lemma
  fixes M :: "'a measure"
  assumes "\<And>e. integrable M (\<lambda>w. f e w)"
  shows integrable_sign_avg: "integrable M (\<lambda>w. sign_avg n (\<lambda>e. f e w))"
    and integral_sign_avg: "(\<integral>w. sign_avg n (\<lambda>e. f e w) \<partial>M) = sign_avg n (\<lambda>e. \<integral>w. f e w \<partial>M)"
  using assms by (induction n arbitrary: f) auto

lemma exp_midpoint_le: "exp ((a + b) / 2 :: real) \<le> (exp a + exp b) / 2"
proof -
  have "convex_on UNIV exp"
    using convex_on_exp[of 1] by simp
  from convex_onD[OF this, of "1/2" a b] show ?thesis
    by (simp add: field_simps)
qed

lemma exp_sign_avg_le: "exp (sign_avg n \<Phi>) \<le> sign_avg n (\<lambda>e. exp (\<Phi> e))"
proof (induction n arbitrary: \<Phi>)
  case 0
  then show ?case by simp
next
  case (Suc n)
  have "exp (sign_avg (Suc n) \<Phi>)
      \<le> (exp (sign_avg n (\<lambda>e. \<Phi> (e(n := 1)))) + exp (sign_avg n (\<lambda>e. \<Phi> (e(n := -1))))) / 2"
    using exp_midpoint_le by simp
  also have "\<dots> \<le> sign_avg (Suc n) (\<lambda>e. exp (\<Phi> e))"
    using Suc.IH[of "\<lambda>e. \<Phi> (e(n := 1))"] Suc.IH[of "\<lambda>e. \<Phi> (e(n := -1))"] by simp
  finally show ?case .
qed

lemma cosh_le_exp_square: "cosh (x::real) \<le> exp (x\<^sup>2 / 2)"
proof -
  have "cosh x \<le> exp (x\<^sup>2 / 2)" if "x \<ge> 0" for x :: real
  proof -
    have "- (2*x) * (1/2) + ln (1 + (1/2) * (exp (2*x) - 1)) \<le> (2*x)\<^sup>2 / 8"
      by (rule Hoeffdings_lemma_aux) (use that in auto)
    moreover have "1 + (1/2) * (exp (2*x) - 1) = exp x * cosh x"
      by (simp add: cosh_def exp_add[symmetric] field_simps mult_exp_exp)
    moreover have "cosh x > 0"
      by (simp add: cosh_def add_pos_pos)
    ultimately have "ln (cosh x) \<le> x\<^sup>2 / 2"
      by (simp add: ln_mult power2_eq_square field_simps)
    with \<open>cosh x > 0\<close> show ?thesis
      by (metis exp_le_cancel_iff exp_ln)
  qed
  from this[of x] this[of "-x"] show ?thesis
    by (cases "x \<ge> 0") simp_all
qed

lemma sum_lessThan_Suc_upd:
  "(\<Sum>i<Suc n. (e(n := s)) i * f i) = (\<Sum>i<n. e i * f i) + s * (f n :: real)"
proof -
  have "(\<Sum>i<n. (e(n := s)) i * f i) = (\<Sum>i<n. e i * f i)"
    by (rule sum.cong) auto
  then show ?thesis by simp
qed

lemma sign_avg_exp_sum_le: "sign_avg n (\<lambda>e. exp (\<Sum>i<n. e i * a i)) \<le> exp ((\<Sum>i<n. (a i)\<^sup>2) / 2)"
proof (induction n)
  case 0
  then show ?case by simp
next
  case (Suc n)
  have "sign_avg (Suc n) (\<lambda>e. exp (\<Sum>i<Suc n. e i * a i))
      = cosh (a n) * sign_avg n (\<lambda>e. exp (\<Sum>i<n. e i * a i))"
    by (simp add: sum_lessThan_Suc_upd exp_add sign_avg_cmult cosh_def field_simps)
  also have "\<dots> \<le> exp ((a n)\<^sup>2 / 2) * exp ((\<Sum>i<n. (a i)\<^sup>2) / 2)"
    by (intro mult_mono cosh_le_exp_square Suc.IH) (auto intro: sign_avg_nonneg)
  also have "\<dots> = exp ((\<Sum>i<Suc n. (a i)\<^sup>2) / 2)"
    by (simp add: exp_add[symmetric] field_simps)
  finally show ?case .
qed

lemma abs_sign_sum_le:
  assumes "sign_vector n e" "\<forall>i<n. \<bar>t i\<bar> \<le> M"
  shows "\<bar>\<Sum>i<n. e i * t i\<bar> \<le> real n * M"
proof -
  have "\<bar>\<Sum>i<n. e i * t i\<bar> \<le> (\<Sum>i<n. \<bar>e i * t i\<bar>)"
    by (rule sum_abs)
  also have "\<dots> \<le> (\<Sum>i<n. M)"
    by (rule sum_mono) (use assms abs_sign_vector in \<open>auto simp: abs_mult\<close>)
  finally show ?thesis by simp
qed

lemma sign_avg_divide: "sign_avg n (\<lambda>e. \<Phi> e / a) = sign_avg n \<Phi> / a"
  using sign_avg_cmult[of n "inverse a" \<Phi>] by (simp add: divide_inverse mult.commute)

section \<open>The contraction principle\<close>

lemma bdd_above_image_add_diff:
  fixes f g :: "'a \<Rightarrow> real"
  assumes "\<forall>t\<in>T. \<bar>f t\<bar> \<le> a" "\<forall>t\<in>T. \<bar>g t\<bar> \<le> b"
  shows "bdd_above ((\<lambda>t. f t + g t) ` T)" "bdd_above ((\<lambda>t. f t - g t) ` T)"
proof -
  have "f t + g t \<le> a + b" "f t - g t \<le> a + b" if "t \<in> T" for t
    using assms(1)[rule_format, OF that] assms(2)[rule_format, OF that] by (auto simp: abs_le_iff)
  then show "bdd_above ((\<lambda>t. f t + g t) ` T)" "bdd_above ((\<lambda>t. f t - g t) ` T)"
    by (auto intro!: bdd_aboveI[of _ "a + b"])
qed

★ ★ ★

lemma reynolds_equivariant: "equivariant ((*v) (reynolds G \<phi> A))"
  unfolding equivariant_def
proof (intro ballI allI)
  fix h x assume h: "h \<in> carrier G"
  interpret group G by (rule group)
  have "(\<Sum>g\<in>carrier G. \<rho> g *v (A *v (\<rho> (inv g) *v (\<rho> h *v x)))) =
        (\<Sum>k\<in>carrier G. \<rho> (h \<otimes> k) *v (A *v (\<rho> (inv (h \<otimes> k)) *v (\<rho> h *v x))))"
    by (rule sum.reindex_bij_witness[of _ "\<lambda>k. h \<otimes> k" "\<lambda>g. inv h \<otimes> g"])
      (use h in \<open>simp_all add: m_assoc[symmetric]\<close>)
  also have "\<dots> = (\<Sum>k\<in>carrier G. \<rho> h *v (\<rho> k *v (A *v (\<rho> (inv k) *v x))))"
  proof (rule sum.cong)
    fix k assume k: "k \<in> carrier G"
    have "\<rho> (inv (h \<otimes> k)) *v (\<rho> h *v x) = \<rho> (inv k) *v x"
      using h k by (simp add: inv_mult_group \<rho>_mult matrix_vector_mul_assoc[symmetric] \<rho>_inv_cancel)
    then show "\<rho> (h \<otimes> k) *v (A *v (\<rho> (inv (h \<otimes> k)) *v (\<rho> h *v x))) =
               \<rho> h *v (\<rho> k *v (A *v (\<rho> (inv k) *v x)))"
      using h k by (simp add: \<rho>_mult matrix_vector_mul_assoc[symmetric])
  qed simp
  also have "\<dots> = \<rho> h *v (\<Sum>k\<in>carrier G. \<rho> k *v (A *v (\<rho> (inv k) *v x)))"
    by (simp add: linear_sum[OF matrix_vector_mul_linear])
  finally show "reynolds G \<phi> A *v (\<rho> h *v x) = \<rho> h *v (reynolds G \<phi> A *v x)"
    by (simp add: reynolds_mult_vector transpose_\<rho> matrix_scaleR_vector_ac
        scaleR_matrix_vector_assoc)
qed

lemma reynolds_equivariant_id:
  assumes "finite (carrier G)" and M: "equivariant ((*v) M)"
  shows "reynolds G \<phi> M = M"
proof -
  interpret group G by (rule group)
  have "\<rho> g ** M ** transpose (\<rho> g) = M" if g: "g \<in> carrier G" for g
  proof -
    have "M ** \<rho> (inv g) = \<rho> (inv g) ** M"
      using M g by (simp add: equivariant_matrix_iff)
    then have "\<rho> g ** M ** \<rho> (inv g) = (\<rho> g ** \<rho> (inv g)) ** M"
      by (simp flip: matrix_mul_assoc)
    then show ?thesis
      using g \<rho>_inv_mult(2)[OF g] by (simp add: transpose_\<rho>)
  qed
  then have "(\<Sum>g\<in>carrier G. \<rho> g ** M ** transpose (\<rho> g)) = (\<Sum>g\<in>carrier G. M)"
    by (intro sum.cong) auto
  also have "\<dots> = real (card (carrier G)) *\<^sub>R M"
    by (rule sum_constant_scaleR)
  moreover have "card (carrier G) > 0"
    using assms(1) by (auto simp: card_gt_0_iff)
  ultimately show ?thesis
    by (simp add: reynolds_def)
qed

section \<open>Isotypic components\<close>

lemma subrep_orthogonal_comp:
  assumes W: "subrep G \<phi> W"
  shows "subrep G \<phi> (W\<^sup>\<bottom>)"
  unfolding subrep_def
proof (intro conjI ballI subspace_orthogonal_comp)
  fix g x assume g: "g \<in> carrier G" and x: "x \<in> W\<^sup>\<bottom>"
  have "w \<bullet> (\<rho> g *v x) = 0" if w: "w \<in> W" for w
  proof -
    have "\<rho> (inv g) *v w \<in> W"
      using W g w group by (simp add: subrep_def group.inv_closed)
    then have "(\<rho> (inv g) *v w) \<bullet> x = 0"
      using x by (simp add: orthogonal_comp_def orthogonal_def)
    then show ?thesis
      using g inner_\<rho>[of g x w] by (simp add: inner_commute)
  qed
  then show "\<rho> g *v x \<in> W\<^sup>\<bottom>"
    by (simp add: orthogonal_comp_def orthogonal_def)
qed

★ ★ ★

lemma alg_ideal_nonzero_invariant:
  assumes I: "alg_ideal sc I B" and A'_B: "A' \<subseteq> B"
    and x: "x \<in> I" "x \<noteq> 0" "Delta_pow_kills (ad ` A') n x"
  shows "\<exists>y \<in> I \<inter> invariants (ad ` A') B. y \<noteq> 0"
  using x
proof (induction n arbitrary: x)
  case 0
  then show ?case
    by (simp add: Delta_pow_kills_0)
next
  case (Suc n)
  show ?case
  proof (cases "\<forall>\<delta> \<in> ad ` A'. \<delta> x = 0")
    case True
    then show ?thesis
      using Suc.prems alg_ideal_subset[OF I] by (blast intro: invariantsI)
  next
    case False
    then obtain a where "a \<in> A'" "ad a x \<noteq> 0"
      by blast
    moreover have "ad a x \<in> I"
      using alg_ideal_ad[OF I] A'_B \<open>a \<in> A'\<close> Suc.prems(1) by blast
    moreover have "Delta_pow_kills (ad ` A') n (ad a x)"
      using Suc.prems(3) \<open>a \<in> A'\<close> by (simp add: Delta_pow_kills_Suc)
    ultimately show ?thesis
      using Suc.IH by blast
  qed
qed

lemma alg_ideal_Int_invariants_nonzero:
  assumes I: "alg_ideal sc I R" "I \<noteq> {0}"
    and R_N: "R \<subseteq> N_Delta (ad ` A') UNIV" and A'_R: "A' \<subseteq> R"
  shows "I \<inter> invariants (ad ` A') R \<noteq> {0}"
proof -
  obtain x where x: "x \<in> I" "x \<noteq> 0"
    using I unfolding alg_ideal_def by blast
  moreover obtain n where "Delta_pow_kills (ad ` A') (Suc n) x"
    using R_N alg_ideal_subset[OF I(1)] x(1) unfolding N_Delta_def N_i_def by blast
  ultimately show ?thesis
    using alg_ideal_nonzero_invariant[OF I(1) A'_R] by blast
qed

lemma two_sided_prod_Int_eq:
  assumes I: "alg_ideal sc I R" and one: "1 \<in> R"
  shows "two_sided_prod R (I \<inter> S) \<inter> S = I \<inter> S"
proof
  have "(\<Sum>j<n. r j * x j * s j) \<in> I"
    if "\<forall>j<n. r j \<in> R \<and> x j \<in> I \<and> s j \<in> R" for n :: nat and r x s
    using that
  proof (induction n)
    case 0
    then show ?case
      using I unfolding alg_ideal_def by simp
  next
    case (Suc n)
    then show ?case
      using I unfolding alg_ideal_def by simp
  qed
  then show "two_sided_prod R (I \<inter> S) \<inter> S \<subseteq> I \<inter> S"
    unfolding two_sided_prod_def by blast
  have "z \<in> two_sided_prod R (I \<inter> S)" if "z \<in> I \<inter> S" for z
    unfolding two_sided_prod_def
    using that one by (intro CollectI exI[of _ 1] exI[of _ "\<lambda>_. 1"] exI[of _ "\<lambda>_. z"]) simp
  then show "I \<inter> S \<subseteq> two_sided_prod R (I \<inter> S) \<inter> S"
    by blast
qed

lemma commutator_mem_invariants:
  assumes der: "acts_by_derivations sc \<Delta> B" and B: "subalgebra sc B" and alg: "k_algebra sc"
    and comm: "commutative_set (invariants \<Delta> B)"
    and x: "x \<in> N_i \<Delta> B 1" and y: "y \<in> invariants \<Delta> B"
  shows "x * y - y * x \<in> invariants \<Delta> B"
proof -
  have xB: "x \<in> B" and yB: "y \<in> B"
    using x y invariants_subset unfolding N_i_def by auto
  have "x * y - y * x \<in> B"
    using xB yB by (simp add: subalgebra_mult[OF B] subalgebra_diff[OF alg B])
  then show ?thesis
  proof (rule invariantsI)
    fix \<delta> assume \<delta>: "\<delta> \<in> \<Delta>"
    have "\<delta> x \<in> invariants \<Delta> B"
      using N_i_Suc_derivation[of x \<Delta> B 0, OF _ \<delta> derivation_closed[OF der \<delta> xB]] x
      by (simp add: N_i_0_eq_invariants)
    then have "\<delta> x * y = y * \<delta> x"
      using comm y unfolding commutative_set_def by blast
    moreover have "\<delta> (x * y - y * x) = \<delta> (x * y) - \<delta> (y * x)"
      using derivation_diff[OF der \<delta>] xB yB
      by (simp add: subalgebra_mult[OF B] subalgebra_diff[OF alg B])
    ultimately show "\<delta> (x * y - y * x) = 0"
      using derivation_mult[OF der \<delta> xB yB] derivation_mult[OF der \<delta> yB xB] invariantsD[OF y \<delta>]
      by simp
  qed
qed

★ ★ ★

Directions for this task -> Repeat, exactly as they stand above, the lines from the line with "exp x * cosh" to the line with "(\<Sum>i<Suc n. e i * a i))", both lines included.

Written answer ->
    moreover have "1 + (1/2) * (exp (2*x) - 1) = exp x * cosh x"
      by (simp add: cosh_def exp_add[symmetric] field_simps mult_exp_exp)
    moreover have "cosh x > 0"
      by (simp add: cosh_def add_pos_pos)
    ultimately have "ln (cosh x) \<le> x\<^sup>2 / 2"
      by (simp add: ln_mult power2_eq_square field_simps)
    with \<open>cosh x > 0\<close> show ?thesis
      by (metis exp_le_cancel_iff exp_ln)
  qed
  from this[of x] this[of "-x"] show ?thesis
    by (cases "x \<ge> 0") simp_all
qed

lemma sum_lessThan_Suc_upd:
  "(\<Sum>i<Suc n. (e(n := s)) i * f i) = (\<Sum>i<n. e i * f i) + s * (f n :: real)"
proof -
  have "(\<Sum>i<n. (e(n := s)) i * f i) = (\<Sum>i<n. e i * f i)"
    by (rule sum.cong) auto
  then show ?thesis by simp
qed

lemma sign_avg_exp_sum_le: "sign_avg n (\<lambda>e. exp (\<Sum>i<n. e i * a i)) \<le> exp ((\<Sum>i<n. (a i)\<^sup>2) / 2)"
proof (induction n)
  case 0
  then show ?case by simp
next
  case (Suc n)
  have "sign_avg (Suc n) (\<lambda>e. exp (\<Sum>i<Suc n. e i * a i))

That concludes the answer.